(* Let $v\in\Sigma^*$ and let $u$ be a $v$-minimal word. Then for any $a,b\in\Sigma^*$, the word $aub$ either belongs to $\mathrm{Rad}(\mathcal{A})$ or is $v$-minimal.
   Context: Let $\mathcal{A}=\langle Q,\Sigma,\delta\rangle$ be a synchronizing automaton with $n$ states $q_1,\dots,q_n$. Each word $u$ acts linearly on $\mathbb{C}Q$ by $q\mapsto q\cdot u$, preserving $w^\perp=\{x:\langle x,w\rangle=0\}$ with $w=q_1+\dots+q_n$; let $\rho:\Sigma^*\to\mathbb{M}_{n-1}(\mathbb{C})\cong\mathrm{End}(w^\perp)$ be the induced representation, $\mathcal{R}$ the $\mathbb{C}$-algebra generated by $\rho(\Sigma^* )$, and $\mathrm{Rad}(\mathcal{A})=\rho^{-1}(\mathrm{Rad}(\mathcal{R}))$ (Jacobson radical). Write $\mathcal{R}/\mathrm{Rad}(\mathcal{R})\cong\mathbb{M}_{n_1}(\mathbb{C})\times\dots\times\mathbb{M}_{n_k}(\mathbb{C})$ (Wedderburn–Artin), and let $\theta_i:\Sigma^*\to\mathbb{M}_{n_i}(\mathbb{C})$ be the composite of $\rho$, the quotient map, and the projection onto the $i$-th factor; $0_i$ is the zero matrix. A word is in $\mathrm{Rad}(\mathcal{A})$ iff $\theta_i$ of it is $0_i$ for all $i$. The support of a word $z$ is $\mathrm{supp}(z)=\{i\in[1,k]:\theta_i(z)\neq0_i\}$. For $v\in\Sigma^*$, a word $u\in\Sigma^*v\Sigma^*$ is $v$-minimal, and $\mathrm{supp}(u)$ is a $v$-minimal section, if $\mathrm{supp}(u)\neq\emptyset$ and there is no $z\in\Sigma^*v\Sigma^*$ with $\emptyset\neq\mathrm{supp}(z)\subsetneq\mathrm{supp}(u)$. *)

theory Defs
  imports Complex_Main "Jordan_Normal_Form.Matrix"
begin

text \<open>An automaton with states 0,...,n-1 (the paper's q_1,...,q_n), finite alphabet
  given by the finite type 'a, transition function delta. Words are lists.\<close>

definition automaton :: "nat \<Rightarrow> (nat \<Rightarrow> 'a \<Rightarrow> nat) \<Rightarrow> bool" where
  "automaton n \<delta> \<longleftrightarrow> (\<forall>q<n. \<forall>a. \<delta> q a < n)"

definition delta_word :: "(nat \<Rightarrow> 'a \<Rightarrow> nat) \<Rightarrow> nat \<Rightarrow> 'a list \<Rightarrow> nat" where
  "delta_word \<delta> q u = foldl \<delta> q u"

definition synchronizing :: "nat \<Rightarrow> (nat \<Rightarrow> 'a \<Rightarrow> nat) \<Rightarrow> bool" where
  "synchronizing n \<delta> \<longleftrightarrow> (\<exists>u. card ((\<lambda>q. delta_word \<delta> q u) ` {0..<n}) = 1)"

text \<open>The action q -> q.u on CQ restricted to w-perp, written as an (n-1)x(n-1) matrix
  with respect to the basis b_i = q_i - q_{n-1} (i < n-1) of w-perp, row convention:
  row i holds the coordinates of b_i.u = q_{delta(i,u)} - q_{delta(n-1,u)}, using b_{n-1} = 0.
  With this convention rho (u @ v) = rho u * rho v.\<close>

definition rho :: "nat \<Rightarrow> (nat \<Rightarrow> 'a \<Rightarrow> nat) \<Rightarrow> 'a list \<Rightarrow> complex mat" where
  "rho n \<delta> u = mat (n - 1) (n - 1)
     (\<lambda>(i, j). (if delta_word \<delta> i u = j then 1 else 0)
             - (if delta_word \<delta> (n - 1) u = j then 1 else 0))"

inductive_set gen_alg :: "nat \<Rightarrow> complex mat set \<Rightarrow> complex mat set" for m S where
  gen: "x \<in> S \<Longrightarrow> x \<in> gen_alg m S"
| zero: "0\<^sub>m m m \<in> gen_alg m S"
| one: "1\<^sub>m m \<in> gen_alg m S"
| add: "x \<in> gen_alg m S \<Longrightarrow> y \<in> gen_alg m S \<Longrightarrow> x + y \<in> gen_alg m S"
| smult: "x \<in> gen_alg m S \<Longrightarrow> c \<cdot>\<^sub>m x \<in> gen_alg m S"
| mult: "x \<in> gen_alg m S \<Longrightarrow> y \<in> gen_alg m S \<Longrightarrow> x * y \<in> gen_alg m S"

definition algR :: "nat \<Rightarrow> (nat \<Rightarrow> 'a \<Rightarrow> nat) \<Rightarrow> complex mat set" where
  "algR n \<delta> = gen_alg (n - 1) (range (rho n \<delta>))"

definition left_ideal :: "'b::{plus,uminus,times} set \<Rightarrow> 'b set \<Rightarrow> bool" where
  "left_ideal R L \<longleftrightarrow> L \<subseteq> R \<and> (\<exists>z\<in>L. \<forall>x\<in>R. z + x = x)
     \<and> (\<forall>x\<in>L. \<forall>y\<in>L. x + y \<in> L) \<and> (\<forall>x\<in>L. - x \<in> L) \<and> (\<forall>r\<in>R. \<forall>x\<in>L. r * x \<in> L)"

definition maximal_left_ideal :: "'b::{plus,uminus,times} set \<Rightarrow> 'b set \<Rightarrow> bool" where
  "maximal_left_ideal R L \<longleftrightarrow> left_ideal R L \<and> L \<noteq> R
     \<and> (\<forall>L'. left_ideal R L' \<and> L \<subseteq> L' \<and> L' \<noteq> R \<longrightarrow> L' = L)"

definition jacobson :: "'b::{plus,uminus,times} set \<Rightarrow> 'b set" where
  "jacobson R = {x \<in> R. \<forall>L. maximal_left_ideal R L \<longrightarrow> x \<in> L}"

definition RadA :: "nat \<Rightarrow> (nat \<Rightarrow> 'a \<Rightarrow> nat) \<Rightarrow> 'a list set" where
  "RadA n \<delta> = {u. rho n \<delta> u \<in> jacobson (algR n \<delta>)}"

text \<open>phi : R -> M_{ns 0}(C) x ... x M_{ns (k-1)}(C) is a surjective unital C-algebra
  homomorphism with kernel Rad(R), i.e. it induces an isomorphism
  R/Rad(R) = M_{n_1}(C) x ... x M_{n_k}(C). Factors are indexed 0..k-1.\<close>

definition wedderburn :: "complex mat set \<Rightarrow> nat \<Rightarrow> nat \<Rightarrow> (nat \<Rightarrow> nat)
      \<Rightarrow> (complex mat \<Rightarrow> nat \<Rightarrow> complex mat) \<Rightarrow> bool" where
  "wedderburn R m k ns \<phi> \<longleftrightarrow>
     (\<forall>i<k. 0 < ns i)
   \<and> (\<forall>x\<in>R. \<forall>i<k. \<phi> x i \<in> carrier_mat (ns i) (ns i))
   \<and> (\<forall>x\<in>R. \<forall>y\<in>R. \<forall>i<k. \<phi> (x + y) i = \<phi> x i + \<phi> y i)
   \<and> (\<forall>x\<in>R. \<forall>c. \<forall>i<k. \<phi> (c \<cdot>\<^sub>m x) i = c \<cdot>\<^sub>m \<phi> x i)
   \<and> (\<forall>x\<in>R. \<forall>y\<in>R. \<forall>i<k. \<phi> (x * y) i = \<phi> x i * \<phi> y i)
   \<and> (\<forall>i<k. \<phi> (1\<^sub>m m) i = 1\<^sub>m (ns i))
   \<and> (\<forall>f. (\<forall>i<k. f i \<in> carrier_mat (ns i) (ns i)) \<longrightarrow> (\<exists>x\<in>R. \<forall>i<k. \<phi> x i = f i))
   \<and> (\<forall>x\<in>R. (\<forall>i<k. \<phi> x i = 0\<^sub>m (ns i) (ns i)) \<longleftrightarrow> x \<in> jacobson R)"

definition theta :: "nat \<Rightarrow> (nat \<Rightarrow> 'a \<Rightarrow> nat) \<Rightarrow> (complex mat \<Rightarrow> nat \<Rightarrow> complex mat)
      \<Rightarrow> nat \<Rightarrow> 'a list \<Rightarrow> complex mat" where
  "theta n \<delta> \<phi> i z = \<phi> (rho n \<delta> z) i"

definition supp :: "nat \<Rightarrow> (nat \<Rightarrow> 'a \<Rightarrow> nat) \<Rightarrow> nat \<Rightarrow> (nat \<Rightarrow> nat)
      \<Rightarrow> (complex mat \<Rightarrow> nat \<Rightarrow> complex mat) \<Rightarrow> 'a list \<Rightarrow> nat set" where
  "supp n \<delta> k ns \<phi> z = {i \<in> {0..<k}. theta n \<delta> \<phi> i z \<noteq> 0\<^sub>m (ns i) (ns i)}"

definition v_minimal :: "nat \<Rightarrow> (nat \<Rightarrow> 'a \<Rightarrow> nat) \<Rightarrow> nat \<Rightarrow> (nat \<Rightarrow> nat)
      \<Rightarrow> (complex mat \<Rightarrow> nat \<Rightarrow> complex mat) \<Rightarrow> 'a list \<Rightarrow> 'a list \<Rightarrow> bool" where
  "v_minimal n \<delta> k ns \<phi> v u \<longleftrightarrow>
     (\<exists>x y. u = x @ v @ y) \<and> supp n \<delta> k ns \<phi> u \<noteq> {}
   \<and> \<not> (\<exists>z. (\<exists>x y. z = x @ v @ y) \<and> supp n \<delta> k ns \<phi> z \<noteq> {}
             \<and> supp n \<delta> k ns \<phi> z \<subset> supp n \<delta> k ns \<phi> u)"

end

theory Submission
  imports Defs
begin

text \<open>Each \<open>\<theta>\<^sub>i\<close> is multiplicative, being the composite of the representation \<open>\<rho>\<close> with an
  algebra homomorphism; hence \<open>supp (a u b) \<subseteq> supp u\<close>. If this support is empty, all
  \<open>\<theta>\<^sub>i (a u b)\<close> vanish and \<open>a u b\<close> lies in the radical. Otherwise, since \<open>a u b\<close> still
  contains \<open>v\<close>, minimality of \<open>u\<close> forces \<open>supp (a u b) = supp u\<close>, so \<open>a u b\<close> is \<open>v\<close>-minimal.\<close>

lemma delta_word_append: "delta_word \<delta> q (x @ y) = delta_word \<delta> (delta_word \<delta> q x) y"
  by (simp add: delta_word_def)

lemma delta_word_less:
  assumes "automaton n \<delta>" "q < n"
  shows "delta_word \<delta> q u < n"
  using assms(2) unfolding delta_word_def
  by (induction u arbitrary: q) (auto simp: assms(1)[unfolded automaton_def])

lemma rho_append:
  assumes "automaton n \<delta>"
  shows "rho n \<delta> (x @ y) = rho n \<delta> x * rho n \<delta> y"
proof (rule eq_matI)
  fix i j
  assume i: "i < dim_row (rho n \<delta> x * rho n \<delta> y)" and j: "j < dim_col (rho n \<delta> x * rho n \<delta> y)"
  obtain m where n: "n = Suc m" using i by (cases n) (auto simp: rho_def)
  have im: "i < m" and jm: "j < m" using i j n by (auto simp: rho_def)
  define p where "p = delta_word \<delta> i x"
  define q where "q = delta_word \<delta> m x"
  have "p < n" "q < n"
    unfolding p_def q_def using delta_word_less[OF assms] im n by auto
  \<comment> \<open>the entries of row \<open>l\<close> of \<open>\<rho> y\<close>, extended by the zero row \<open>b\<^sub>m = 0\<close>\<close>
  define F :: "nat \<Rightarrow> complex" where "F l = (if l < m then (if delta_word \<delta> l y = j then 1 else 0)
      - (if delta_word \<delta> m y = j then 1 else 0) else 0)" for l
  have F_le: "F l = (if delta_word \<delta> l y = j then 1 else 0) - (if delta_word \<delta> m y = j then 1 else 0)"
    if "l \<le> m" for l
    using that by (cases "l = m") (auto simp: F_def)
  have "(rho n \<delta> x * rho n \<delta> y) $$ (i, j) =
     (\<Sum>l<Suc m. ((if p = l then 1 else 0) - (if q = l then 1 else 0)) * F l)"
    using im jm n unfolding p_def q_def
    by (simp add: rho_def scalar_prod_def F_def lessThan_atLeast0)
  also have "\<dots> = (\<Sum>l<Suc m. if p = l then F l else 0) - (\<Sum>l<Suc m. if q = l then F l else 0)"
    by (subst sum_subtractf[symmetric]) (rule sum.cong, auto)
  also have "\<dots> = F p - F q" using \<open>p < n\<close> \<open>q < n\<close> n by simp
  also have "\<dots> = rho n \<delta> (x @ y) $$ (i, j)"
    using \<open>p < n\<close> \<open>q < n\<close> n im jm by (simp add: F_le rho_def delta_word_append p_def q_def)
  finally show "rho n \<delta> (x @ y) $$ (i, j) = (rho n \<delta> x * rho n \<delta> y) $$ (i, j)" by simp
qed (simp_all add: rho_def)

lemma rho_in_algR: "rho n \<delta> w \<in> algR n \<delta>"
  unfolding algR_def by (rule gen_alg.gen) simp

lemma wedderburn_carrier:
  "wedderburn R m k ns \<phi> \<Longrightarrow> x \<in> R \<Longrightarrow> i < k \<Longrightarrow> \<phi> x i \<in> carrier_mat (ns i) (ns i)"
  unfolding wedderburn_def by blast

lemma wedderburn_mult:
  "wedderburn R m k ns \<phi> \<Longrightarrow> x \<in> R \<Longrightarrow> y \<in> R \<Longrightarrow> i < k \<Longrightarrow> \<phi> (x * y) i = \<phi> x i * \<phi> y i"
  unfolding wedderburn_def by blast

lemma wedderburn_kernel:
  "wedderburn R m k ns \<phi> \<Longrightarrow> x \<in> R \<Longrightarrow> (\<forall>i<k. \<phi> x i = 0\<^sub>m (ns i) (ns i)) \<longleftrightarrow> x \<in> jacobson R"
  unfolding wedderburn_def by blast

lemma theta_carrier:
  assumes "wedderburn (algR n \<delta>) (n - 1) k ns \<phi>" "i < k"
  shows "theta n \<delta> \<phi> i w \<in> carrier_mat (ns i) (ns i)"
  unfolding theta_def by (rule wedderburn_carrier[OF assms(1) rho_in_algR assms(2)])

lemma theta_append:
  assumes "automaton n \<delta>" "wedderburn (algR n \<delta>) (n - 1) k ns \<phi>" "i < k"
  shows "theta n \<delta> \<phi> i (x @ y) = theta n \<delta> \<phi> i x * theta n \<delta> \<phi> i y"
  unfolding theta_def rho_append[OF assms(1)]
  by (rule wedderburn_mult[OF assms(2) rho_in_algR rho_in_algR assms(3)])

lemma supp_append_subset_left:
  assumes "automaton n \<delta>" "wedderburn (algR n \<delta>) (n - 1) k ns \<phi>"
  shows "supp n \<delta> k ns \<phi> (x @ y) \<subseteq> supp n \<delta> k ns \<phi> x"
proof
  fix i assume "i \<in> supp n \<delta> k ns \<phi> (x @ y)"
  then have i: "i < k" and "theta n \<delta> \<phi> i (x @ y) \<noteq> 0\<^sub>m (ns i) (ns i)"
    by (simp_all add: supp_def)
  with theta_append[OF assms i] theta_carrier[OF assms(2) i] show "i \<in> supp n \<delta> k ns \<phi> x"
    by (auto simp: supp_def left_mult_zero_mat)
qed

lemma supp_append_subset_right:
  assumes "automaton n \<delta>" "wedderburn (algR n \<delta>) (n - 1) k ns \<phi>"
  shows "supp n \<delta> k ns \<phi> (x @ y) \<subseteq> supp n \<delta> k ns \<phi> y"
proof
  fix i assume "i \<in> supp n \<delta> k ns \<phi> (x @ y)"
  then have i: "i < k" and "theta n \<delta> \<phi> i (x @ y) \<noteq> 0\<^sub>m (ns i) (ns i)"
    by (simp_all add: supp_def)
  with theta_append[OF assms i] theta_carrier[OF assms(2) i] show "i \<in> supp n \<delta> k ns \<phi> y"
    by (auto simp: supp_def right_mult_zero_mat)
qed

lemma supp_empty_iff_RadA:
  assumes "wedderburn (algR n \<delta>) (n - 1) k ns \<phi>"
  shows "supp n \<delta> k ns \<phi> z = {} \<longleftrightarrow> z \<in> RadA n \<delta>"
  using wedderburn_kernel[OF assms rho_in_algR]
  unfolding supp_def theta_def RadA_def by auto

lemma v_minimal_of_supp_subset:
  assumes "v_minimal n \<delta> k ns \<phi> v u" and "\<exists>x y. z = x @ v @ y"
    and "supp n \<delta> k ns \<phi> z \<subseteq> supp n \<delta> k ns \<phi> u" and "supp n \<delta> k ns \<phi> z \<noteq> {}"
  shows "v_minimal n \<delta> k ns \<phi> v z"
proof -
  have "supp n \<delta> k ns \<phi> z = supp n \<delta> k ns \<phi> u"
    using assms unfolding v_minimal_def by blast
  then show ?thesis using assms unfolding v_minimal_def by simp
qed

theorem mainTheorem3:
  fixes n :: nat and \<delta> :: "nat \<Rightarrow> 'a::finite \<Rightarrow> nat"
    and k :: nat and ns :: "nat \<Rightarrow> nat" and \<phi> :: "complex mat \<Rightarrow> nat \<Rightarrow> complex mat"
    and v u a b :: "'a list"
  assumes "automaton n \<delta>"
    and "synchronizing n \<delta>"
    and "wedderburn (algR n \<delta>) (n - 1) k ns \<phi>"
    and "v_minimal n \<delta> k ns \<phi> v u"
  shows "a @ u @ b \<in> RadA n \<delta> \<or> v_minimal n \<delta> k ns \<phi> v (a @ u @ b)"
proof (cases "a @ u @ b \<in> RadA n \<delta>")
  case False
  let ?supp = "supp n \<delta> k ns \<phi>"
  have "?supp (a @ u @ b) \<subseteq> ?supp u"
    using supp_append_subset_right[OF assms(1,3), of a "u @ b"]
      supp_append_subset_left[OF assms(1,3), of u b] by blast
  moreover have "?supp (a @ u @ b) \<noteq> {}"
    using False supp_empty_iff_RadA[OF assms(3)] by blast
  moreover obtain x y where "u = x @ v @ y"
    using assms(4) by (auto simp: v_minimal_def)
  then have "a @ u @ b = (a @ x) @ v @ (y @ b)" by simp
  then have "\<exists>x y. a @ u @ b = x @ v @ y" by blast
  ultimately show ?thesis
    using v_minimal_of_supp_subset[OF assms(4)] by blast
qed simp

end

(EXERCISE AIM) Only a number is wanted: how many lines above include "homomorphism"?

(EXERCISE RESPONSE) 2